THE PROBLEM
Please state how many lines in the records contain the string "unfolding", with no words besides the number.

ENTRIES PROVIDED
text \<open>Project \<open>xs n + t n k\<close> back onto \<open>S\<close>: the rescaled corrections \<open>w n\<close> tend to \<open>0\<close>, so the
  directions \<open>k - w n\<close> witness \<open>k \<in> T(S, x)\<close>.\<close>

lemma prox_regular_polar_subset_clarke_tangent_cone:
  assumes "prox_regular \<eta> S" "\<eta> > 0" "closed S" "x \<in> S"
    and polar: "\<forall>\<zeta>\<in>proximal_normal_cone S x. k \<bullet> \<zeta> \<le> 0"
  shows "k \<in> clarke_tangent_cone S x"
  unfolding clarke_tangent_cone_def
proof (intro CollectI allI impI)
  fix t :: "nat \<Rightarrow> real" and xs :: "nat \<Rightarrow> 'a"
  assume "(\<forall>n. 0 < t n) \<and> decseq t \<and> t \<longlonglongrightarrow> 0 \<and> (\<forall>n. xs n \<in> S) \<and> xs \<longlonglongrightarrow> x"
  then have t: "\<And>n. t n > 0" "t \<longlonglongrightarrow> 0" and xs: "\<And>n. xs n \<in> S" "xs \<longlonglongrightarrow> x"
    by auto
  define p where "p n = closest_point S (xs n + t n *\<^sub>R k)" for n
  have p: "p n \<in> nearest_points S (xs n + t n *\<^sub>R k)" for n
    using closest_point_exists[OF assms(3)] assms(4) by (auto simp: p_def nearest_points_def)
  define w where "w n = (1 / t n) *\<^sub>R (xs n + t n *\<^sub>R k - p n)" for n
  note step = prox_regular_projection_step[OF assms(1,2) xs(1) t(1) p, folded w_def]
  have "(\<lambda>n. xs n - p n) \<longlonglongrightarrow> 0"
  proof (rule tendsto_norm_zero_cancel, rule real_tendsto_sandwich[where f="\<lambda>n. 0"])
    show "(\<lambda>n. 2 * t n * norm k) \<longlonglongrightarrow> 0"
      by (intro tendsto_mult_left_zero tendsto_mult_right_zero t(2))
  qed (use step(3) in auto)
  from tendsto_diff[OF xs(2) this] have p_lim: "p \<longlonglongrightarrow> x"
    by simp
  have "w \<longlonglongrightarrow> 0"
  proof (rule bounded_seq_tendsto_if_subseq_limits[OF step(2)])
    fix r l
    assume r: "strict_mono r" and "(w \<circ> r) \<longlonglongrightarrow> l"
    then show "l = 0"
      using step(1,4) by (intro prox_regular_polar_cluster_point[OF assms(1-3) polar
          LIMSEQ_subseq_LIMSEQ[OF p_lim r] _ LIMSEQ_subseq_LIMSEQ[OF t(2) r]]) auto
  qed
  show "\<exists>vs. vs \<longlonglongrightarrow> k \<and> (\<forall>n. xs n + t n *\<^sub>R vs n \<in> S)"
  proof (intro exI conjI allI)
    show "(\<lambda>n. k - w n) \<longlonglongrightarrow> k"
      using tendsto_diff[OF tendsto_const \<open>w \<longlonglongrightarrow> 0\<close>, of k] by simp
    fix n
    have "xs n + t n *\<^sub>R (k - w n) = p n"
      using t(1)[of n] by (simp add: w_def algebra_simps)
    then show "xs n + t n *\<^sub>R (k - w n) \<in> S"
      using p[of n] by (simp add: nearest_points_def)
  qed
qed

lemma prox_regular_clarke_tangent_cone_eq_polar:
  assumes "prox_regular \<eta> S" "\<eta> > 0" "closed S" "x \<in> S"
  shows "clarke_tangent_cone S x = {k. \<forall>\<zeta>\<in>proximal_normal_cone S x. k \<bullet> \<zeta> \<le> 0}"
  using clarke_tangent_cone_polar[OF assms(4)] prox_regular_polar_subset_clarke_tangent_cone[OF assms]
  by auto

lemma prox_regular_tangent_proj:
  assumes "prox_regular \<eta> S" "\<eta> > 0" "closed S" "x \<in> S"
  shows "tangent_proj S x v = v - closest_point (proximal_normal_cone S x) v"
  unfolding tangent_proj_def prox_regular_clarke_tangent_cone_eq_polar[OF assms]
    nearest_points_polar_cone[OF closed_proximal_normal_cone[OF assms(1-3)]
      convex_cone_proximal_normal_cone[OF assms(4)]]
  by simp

---

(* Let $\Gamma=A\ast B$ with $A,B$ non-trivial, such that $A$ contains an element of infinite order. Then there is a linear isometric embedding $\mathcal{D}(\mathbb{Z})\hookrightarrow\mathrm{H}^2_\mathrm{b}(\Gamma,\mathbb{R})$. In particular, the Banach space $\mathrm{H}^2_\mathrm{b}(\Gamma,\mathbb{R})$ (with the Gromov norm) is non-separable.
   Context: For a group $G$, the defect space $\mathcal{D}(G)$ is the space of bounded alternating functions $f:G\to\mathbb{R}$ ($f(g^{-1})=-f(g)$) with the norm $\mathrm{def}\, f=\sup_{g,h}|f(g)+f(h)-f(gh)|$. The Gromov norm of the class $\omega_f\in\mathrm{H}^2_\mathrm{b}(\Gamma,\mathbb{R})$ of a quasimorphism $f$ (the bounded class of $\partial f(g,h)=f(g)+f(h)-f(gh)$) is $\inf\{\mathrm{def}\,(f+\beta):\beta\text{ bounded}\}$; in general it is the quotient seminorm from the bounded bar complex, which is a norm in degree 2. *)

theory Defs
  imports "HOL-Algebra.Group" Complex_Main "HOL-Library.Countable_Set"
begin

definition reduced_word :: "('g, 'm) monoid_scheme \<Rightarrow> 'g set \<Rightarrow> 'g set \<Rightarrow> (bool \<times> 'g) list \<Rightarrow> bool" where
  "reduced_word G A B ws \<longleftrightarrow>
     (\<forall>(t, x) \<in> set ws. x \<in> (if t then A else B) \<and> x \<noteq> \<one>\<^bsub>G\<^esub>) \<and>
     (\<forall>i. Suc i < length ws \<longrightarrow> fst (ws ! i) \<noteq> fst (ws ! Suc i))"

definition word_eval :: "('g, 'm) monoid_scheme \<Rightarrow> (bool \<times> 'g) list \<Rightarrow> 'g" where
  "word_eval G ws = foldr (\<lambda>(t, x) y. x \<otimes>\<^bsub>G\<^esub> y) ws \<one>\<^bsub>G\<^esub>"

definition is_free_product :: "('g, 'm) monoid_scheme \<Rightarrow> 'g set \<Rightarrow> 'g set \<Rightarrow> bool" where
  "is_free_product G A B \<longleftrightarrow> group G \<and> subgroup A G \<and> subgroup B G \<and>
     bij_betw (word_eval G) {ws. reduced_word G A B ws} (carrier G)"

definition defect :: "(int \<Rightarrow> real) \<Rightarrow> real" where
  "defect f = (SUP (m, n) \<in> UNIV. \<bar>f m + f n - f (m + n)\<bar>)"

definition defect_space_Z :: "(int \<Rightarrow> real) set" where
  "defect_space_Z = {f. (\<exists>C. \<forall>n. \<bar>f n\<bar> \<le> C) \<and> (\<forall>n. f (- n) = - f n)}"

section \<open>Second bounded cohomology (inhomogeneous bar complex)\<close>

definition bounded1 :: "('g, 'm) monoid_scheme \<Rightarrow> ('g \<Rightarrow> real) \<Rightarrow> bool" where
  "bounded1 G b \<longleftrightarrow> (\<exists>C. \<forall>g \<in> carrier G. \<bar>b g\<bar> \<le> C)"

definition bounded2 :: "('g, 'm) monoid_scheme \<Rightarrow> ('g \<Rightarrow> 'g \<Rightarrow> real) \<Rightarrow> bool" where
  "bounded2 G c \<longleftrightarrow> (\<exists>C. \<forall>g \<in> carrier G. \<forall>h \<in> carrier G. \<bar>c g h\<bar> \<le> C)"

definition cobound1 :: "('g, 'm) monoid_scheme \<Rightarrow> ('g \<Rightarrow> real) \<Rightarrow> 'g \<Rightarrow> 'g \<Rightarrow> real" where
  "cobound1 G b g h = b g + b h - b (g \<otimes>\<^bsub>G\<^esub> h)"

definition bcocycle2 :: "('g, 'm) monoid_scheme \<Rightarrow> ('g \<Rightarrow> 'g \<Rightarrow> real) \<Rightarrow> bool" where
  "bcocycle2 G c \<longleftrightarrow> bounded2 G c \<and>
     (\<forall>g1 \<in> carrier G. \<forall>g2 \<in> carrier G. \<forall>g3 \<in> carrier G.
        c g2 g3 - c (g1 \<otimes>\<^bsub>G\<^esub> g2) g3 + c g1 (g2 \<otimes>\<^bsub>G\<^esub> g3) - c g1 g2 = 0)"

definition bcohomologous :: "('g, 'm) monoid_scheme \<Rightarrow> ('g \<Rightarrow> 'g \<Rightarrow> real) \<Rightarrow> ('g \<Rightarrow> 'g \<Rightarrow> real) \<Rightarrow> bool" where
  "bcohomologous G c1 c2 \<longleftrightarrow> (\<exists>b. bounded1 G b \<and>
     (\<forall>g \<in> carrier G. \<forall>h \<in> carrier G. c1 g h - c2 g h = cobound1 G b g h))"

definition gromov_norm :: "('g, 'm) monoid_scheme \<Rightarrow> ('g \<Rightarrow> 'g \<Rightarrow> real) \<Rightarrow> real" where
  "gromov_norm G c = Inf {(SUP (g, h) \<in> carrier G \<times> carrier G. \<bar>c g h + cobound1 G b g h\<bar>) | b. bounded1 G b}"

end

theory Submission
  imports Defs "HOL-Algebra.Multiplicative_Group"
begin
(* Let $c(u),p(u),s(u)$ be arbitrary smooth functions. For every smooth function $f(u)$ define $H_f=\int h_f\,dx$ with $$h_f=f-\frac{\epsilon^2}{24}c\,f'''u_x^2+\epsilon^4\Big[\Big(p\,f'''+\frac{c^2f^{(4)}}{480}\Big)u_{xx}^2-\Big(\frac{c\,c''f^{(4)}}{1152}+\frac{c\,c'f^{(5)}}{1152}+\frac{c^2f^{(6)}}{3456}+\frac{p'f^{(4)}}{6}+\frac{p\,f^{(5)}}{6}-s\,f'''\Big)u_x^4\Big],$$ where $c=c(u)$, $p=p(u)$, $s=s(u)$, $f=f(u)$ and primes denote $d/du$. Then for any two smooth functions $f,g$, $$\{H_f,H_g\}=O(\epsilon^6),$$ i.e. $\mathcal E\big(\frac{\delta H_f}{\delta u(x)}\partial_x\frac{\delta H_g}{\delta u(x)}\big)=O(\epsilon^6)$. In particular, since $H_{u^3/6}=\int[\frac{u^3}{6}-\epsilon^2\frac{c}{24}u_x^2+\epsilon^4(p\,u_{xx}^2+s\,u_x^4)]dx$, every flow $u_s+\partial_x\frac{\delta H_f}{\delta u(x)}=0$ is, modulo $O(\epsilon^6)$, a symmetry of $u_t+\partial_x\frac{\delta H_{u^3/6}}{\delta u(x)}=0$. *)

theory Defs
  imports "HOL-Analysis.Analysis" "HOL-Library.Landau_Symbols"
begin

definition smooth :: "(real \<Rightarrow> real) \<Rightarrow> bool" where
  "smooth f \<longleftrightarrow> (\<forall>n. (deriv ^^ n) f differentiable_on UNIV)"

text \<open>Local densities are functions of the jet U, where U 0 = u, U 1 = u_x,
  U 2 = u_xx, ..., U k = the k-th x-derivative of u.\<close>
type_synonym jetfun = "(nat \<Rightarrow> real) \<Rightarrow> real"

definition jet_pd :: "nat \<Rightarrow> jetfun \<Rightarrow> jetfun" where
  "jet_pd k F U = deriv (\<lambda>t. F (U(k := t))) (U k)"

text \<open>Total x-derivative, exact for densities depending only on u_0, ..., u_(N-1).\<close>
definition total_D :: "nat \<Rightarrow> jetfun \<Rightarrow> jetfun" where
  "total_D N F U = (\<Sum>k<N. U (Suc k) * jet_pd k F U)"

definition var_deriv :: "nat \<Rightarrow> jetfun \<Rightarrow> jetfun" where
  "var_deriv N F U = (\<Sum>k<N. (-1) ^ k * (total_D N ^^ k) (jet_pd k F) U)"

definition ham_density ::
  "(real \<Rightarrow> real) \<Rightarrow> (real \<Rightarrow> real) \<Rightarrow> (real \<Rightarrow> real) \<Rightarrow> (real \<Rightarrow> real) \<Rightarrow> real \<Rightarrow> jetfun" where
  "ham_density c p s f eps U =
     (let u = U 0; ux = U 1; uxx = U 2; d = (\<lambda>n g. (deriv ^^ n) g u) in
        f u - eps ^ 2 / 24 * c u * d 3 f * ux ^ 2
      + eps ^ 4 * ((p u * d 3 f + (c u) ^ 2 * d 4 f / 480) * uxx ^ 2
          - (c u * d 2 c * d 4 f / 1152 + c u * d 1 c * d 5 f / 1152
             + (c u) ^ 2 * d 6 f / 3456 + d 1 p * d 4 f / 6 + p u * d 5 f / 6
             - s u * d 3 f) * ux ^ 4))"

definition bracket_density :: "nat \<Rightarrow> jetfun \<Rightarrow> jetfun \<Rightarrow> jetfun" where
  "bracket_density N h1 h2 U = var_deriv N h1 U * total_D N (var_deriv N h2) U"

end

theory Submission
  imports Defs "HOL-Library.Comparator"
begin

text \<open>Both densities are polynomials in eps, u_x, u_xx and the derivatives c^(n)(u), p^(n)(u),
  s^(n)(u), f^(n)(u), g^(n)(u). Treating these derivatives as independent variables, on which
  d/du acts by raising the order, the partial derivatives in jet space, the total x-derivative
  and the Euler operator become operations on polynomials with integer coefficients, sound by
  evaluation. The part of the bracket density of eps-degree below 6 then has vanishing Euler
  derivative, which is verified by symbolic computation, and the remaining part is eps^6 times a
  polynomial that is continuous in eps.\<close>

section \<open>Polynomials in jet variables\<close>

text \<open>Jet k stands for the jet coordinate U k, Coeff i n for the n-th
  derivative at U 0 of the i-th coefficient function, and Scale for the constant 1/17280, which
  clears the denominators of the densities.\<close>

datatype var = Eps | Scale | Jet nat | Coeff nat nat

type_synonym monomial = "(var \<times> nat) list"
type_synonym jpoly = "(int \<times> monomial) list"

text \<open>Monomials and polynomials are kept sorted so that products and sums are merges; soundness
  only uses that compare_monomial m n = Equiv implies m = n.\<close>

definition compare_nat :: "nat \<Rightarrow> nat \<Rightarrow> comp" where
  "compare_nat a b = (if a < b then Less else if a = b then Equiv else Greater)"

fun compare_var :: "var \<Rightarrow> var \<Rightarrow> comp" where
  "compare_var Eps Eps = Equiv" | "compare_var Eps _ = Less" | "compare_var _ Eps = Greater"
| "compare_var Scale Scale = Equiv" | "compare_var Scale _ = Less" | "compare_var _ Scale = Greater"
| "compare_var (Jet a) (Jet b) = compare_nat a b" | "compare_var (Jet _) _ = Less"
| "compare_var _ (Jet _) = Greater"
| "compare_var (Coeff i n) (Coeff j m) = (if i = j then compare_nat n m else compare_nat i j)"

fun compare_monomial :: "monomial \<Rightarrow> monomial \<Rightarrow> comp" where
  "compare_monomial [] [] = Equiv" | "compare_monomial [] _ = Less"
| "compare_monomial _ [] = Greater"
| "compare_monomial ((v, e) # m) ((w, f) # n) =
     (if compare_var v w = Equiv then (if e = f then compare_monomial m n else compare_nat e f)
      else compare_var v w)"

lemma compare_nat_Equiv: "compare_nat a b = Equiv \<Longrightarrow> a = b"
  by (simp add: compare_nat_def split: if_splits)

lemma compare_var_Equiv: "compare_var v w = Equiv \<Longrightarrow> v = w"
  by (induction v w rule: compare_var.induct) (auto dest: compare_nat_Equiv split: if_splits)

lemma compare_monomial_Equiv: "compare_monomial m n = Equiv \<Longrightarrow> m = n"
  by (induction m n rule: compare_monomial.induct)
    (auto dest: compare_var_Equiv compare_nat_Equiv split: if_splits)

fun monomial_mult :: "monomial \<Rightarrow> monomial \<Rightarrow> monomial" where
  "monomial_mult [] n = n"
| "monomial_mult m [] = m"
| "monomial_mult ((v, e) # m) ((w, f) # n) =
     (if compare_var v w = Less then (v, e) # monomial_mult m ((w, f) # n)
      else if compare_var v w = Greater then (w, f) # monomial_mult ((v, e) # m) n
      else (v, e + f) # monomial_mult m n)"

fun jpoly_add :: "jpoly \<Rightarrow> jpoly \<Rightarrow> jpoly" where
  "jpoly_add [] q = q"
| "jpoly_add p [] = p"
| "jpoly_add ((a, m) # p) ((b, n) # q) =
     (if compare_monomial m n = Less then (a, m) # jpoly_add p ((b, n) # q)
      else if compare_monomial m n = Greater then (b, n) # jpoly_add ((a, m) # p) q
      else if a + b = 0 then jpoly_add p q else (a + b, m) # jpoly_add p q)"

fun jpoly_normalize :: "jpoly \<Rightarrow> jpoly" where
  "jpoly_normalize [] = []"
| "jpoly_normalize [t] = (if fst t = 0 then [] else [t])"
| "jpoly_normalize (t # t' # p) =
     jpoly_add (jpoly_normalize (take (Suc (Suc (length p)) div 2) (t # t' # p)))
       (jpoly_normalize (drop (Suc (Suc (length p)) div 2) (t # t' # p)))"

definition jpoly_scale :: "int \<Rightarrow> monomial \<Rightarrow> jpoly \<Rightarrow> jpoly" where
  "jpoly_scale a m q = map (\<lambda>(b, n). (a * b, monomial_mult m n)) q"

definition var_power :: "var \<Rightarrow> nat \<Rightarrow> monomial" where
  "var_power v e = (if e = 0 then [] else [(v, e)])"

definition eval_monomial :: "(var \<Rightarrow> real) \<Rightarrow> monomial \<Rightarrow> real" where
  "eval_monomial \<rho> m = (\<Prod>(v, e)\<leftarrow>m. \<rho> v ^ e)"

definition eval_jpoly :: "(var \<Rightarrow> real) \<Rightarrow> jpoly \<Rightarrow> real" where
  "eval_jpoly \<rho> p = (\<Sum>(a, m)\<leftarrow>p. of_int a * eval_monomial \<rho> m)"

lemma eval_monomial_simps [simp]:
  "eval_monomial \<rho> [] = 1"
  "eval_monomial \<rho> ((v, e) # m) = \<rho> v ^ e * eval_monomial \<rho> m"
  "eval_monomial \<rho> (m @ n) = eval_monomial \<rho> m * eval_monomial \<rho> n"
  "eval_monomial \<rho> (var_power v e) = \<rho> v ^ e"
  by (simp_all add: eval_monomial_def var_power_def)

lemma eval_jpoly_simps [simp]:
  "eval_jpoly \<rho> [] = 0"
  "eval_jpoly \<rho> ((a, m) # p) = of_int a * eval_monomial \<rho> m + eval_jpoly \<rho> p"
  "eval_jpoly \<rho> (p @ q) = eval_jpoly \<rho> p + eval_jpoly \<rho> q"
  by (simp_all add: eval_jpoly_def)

REPLY
2